The car had crossed the river and was plunging down into the hellish place of multistoried brick buildings, full of the cheap and mournful light.
She pondered, shook her head.
“Look, why were you with Gregory and this Rebbe?”
“Gregory went to him to find out the meaning of the words Esther spoke. The Rebbe knew. The Rebbe had the bones. Gregory has the bones now. I am called the Servant of the Bones. The Rebbe sold the bones to Gregory on the promise that he would never speak to his brother Nathan again, or come near the court, or expose them as connected to Gregory’s childhood or his church.”
“Good God!” she said. She was scrutinizing me harshly.
“Look, the Rebbe never called me to come forth. The Rebbe wanted no part of me. But he had had custody of the bones all his life from his father, from years in Poland at the end of the last century. I gathered this from listening to them. I had been asleep in the bones!”
She was speechless. “You obviously believe what you’re saying,” she said. “You believe it.”
“You talk,” I said, “about Esther and Nathan—”
“Esther came home and had this fight with Gregory, screaming at him that if he had kindred across the bridge he should acknowledge them, that the love of his brother was a real thing. I heard this. I didn’t pay any attention. She came in and talked to me about it. I said if they were Hasidim they’d recited Kaddish for him long ago. I was so sick. I was drugged. Gregory was furious with her.

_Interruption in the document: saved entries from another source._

(* For each integer $r\ge 2$, the matrix $A'_r$ is $2$-modular.
   Context: An integer matrix $A$ is $\Delta$-modular if the determinant of every $\operatorname{rank}(A)\times\operatorname{rank}(A)$ submatrix has absolute value at most $\Delta$. $D_r$ denotes the $r\times\binom r2$ matrix whose columns are all vectors in $\mathbb{Z}^r$ with exactly two nonzero entries, the first (topmost) equal to $1$ and the second equal to $-1$. $A'_r$ is the $r\times(\binom{r+2}{2}-2)$ matrix $[\,I_r\mid D_r\mid B'_r\,]$, where $B'_r$ is the $r\times(r-1)$ matrix whose first two rows consist entirely of $1$'s, and whose last $r-2$ rows are $[\,-I_{r-2}\mid \mathbf 0\,]$ (i.e., in rows $3,\dots,r$ the first $r-2$ columns form $-I_{r-2}$ and the last column is zero). *)

theory Defs
  imports "Jordan_Normal_Form.DL_Rank_Submatrix"
begin

definition int_mat_rank :: "int mat \<Rightarrow> nat" where
  "int_mat_rank A = vec_space.rank (dim_row A) (map_mat rat_of_int A)"

definition delta_modular :: "int \<Rightarrow> int mat \<Rightarrow> bool" where
  "delta_modular \<Delta> A \<longleftrightarrow>
     (\<forall>I J. I \<subseteq> {..<dim_row A} \<longrightarrow> J \<subseteq> {..<dim_col A} \<longrightarrow>
        card I = int_mat_rank A \<longrightarrow> card J = int_mat_rank A \<longrightarrow>
        \<bar>det (submatrix A I J)\<bar> \<le> \<Delta>)"

text \<open>Pairs (i,j), i<j<r, in lexicographic order; they index the columns of D_r
  (row indices are 0-based).\<close>
definition pairs_list :: "nat \<Rightarrow> (nat \<times> nat) list" where
  "pairs_list r = [(i, j). i \<leftarrow> [0..<r], j \<leftarrow> [Suc i..<r]]"

definition D_mat :: "nat \<Rightarrow> int mat" where
  "D_mat r = mat r (r choose 2) (\<lambda>(k, c).
     (let p = pairs_list r ! c in
      if k = fst p then 1 else if k = snd p then -1 else 0))"

text \<open>B'_r: r x (r-1); first two rows all 1; rows 3..r are [-I_{r-2} | 0].\<close>
definition B'_mat :: "nat \<Rightarrow> int mat" where
  "B'_mat r = mat r (r - 1) (\<lambda>(k, c).
     if k < 2 then 1 else if c = k - 2 then -1 else 0)"

definition A'_mat :: "nat \<Rightarrow> int mat" where
  "A'_mat r = mat r (r + (r choose 2) + (r - 1)) (\<lambda>(k, c).
     if c < r then (if k = c then 1 else 0)
     else if c < r + (r choose 2) then D_mat r $$ (k, c - r)
     else B'_mat r $$ (k, c - r - (r choose 2)))"

end

theory Submission
  imports Defs
begin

But they had their fights, you know. But he…he has something to do with her dying, I know it! That necklace. She would never have worn the necklace in midday.”
“Why?”
“Very simple reason. Esther was brought up in the best schools, and made her debut as a girl. Diamonds are for after six o’clock. Esther would have never worn a diamond necklace on Fifth Avenue at high noon. It wouldn’t have been proper. But why did he hurt her? Why? Could it have been over this family? No, I don’t understand it. And he weaves in the diamonds, why? Why bring up the necklace in the middle of all this!”

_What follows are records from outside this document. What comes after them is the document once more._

theorem mainTheorem14:
  fixes V :: "'a set" and E :: "'a \<Rightarrow> 'a \<Rightarrow> bool" and k :: nat
  assumes "k \<ge> 1"
    and "outerplanar V E"
    and "girth_at_least V E (2 * k)"
  shows "\<exists>f. graph_hom V E {0..<2 * k + 1} (cycle_graph_adj (2 * k + 1)) f"
proof -
  have "\<exists>f. graph_hom V E {0..<2 * k + 1} (cycle_graph_adj (2 * k + 1)) f"
    if "outerplanar V E" "girth_at_least V E (2 * k)" for V :: "'a set" and E
    using that
  proof (induction "card V" arbitrary: V E rule: less_induct)
    case less
    have "finite V" using less.prems(1) unfolding outerplanar_def simple_graph_def by blast
    show ?case
    proof (rule outerplanar_graph_hom_cycle_graph_step[OF less.prems])
      fix W assume W: "W \<subset> V"
      have "outerplanar W (restrict_adj E W)" "girth_at_least W (restrict_adj E W) (2 * k)"
        using outerplanar_restrict_adj[OF less.prems(1)]
          girth_at_least_restrict_adj[OF less.prems(2)] W
        by auto
      then show "\<exists>f. graph_hom W (restrict_adj E W) {0..<2 * k + 1} (cycle_graph_adj (2 * k + 1)) f"
        using less.hyps[OF psubset_card_mono[OF \<open>finite V\<close> W]] by blast
    qed
  qed
  then show ?thesis using assms(2,3) .
qed

end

“Keep telling me these things. I’m seeing the pattern. Ships, planes, a past that is a secret as much for Gregory as for the innocent Hasidim. I see something…but it’s not clear.” She stared at me.

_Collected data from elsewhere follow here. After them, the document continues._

lemma Hahn_Banach_norm_dominated:
  fixes \<phi> :: "'e::real_normed_vector \<Rightarrow> real"
  assumes F: "subspace F" and add: "\<And>x y. x \<in> F \<Longrightarrow> y \<in> F \<Longrightarrow> \<phi> (x + y) = \<phi> x + \<phi> y"
    and scale: "\<And>r x. x \<in> F \<Longrightarrow> \<phi> (r *\<^sub>R x) = r * \<phi> x"
    and bound: "\<And>x. x \<in> F \<Longrightarrow> \<phi> x \<le> C * norm x" and C: "C \<ge> 0"
  obtains \<Phi> where "linear \<Phi>" "\<And>x. x \<in> F \<Longrightarrow> \<Phi> x = \<phi> x" "\<And>x. \<Phi> x \<le> C * norm x"
proof -
  let ?A = "{G. dominated_extension F \<phi> C G}"
  have F_ne: "F \<noteq> {}" using subspace_0[OF F] by blast
  have "(\<lambda>x. (x, \<phi> x)) ` F \<in> ?A"
    unfolding dominated_extension_def single_valued_def
    using add scale bound subspace_add[OF F] subspace_scale[OF F] by auto
  then have "\<exists>M\<in>?A. \<forall>X\<in>?A. M \<subseteq> X \<longrightarrow> X = M"
  proof (intro Zorn_Lemma2 ballI)
    fix Ch assume "Ch \<in> chains ?A"
    then show "\<exists>U\<in>?A. \<forall>X\<in>Ch. X \<subseteq> U"
      using \<open>_ \<in> ?A\<close> dominated_extension_chain_Union by (cases "Ch = {}") blast+
  qed
  then obtain M where M: "dominated_extension F \<phi> C M"
    and max: "\<And>X. dominated_extension F \<phi> C X \<Longrightarrow> M \<subseteq> X \<Longrightarrow> X = M" by blast
  have total: "x \<in> Domain M" for x
    using dominated_extension_grow[OF M _ F_ne C, of x] max by blast
  note D = dominated_extension_graph_fun[OF M]
  have "linear (graph_fun M)" by (rule linearI) (use D(1,2) total in simp_all)
  then show thesis using that D(3,4) total by blast
qed

lemma norming_functional:
  fixes w :: "'e::real_normed_vector"
  obtains \<phi> :: "'e \<Rightarrow> real" where "bounded_linear \<phi>" "\<And>x. \<bar>\<phi> x\<bar> \<le> norm x" "\<phi> w = norm w"
proof (cases "w = 0")
  case True
  then show thesis using that[of "\<lambda>_. 0"] by (simp add: bounded_linear_zero)
next
  case False
  define \<phi> where "\<phi> x = (SOME r. x = r *\<^sub>R w) * norm w" for x
  have \<phi>_scale: "\<phi> (r *\<^sub>R w) = r * norm w" for r
  proof -
    have "r *\<^sub>R w = (SOME r'. r *\<^sub>R w = r' *\<^sub>R w) *\<^sub>R w" by (rule someI[of _ r]) simp
    then show ?thesis unfolding \<phi>_def using False by (metis scaleR_cancel_right)
  qed
  have F: "subspace (range (\<lambda>r. r *\<^sub>R w))"
    unfolding subspace_def by (auto simp: scaleR_add_left[symmetric] image_iff)
  obtain \<Phi> where \<Phi>: "linear \<Phi>" "\<And>x. x \<in> range (\<lambda>r. r *\<^sub>R w) \<Longrightarrow> \<Phi> x = \<phi> x"
    "\<And>x. \<Phi> x \<le> 1 * norm x"
    by (rule Hahn_Banach_norm_dominated[OF F, of \<phi> 1])
       (auto simp: \<phi>_scale scaleR_add_left[symmetric] distrib_right intro!: mult_right_mono)
  have abs: "\<bar>\<Phi> x\<bar> \<le> norm x" for x
    using \<Phi>(3)[of x] \<Phi>(3)[of "- x"] linear_neg[OF \<Phi>(1), of x] by simp
  have "bounded_linear \<Phi>"
    using \<Phi>(1) abs by (intro bounded_linear_intro[of _ 1]) (auto simp: linear_add linear_scale)
  moreover have "\<Phi> w = norm w" by (metis \<Phi>(2) \<phi>_scale mult_1 rangeI scaleR_one)
  ultimately show thesis using that abs by blast
qed

section \<open>Complex functionals and dual norms\<close>

lemma csubspace_iff_subspace: "csubspace J F \<longleftrightarrow> subspace F \<and> (\<forall>x\<in>F. J x \<in> F)"
  unfolding csubspace_def subspace_def by blast

lemma cdual_subset: "cdual J G s \<Longrightarrow> F \<subseteq> G \<Longrightarrow> cdual J F s"
  unfolding cdual_def by (meson subsetD)

lemma cdual_zero: "cdual J F s \<Longrightarrow> 0 \<in> F \<Longrightarrow> s 0 = 0"
  unfolding cdual_def by (metis mult_zero_left of_real_0 scaleR_zero_left)

lemma bdd_above_dual_norm: "cdual J F s \<Longrightarrow> bdd_above ((\<lambda>x. cmod (s x)) ` {x\<in>F. norm x \<le> 1})"
proof -
  assume "cdual J F s"
  then obtain C where C: "\<And>x. x \<in> F \<Longrightarrow> cmod (s x) \<le> C * norm x" unfolding cdual_def by blast
  have "cmod (s x) \<le> \<bar>C\<bar>" if "x \<in> F" "norm x \<le> 1" for x
  proof -
    have "C * norm x \<le> \<bar>C\<bar> * norm x" by (simp add: mult_right_mono)
    also have "\<dots> \<le> \<bar>C\<bar>" using that by (simp add: mult_left_le)
    finally show ?thesis using C[OF that(1)] by linarith
  qed
  then show ?thesis unfolding bdd_above_def by blast
qed

lemma dual_norm_nonneg: "cdual J F s \<Longrightarrow> 0 \<in> F \<Longrightarrow> 0 \<le> dual_norm F s"
proof -
  assume s: "cdual J F s" and F0: "0 \<in> F"
  have "cmod (s 0) \<le> dual_norm F s"
    unfolding dual_norm_def using F0 by (intro cSup_upper bdd_above_dual_norm[OF s]) simp
  then show ?thesis using cdual_zero[OF s F0] by simp
qed

lemma norm_le_dual_norm:
  assumes s: "cdual J F s" and F: "csubspace J F" and x: "x \<in> F"
  shows "cmod (s x) \<le> dual_norm F s * norm x"
proof (cases "x = 0")
  case True
  then show ?thesis using cdual_zero[OF s] x by simp
next
  case False
  define y where "y = (1 / norm x) *\<^sub>R x"
  have y: "y \<in> F" "norm y \<le> 1" using F x False unfolding y_def csubspace_def by auto
  have "cmod (s y) \<le> dual_norm F s" unfolding dual_norm_def
    by (rule cSup_upper) (use y bdd_above_dual_norm[OF s] in auto)
  moreover have "s y = of_real (1 / norm x) * s x" using s x unfolding y_def cdual_def by blast
  ultimately have "cmod (s x) / norm x \<le> dual_norm F s" by (simp add: norm_mult norm_divide)
  then show ?thesis using False by (simp add: divide_le_eq)
qed

lemma dual_norm_le:
  assumes "0 \<in> F" "\<And>x. x \<in> F \<Longrightarrow> cmod (s x) \<le> C * norm x" "0 \<le> C"
  shows "dual_norm F s \<le> C"
  unfolding dual_norm_def
proof (rule cSup_least)
  show "(\<lambda>x. cmod (s x)) ` {x \<in> F. norm x \<le> 1} \<noteq> {}" using assms by auto
next
  fix a assume "a \<in> (\<lambda>x. cmod (s x)) ` {x \<in> F. norm x \<le> 1}"
  then obtain x where x: "x \<in> F" "norm x \<le> 1" "a = cmod (s x)" by blast
  have "C * norm x \<le> C" using x assms(3) by (simp add: mult_left_le)
  then show "a \<le> C" using assms(2)[OF x(1)] x by simp
qed

lemma dual_norm_mono: "F \<subseteq> G \<Longrightarrow> 0 \<in> F \<Longrightarrow> cdual J G s \<Longrightarrow> dual_norm F s \<le> dual_norm G s"
  unfolding dual_norm_def by (rule cSup_subset_mono) (auto dest: bdd_above_dual_norm)

lemma complexified_functional:
  fixes \<Phi> :: "'e::real_normed_vector \<Rightarrow> real"
  assumes J: "complex_structure J" and \<Phi>: "linear \<Phi>" and bound: "\<And>x. \<Phi> x \<le> C * norm x"
    and C: "C \<ge> 0"
  defines "\<eta> \<equiv> \<lambda>x. Complex (\<Phi> x) (- \<Phi> (J x))"
  shows "cdual J UNIV \<eta>" and "dual_norm UNIV \<eta> \<le> C"
proof -
  have J_lin: "linear J" and JJ: "\<And>x. J (J x) = - x"
    and J_rot: "\<And>\<theta> x. norm (cos \<theta> *\<^sub>R x + sin \<theta> *\<^sub>R J x) = norm x"
    using J unfolding complex_structure_def by (auto simp: bounded_linear.linear)
  have add: "\<eta> (x + y) = \<eta> x + \<eta> y" for x y
    unfolding \<eta>_def by (simp add: linear_add[OF J_lin] linear_add[OF \<Phi>] complex_eq_iff)
  have scale: "\<eta> (r *\<^sub>R x) = of_real r * \<eta> x" for r x
    unfolding \<eta>_def by (simp add: linear_scale[OF J_lin] linear_scale[OF \<Phi>] complex_eq_iff)
  have Jmult: "\<eta> (J x) = \<i> * \<eta> x" for x
    unfolding \<eta>_def by (simp add: JJ linear_neg[OF \<Phi>] complex_eq_iff)
  have rot: "\<eta> (a *\<^sub>R x + b *\<^sub>R J x) = Complex a b * \<eta> x" for a b x
    by (simp add: add scale Jmult complex_eq_iff)
  have cbound: "cmod (\<eta> x) \<le> C * norm x" for x
  proof (cases "\<eta> x = 0")
    case True then show ?thesis using C by simp
  next
    case False
    \<comment> \<open>rotating x by -Arg (\<eta> x) makes \<eta> real and positive on it\<close>
    define \<theta> where "\<theta> = - Arg (\<eta> x)"
    have "Complex (cos \<theta>) (sin \<theta>) = cis \<theta>" by (simp add: complex_eq_iff)
    also have "\<dots> = inverse (cis (Arg (\<eta> x)))" by (simp add: \<theta>_def cis_inverse)
    also have "\<dots> = inverse (sgn (\<eta> x))" using False by (simp add: cis_Arg)
    finally have "Complex (cos \<theta>) (sin \<theta>) * \<eta> x = inverse (sgn (\<eta> x)) * \<eta> x" by simp
    also have "\<dots> = of_real (cmod (\<eta> x))" using False by (simp add: sgn_eq field_simps)
    finally have "cmod (\<eta> x) = \<Phi> (cos \<theta> *\<^sub>R x + sin \<theta> *\<^sub>R J x)"
      by (metis Complex_eq_0 Re_complex_of_real complex.sel(1) rot \<eta>_def)
    also have "\<dots> \<le> C * norm x" using bound J_rot by metis
    finally show ?thesis .
  qed
  show "cdual J UNIV \<eta>" unfolding cdual_def using add scale Jmult cbound by blast
  show "dual_norm UNIV \<eta> \<le> C" by (rule dual_norm_le) (use cbound C in auto)
qed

“Talk,” I said. “You talk. You trust in me. You know I’m your guardian, I’m for your good. I love you and I love your daughter because you’re good and you’re just and people have done cruelty to you. I don’t like cruelty. It makes me edgy and wanting to hurt…”
This stunned her. But she believed it. Then she tried to speak and couldn’t. Her mind was flooded, and she began to tremble. I touched her face with comforting hands. I hoped they were warm and sweet to her.
“Let me alone now,” she begged kindly. But she put her hand on my arm, patting me, comforting me, and she let her body lean on my shoulder. She made a fist of her right hand.
She curled up against me, and crossed her legs so that I could see her naked knee against mine, firm and fair beneath her hem. She gave a low moan and a terrible outcry of grief.
The car was slowing to a crawl.
We had come to a strange sprawling field full of evil fumes and planes, yes, planes. Planes now explained themselves to me in all their shuddering, keening glory, giant metal birds on tiny preposterous wheels, with wings laden with oil enough to bum the entire world in its fire. Planes flew. Planes crept. Planes lay about empty with gaping doors and ugly stairways leading into the night. Planes slept.
“Come on,” she said. She clenched my hand. “Whatever you are, you and I are together in this. I believe you.”
“Well you should,” I whispered.
But I was dazed.
As we got out of the car, I knew only my thoughts, following her, hearing voices, paying no attention, looking up at the stars. The air was so full of smoke, it was like the smoke in war when everything is burning.
Amid deafening noise we approached the plane. She gave orders but I couldn’t hear her words; the wind just snatched them up. The stairs spilled down in one firm piece like the Ladder to Heaven, only it was merely the metal ladder into this plane.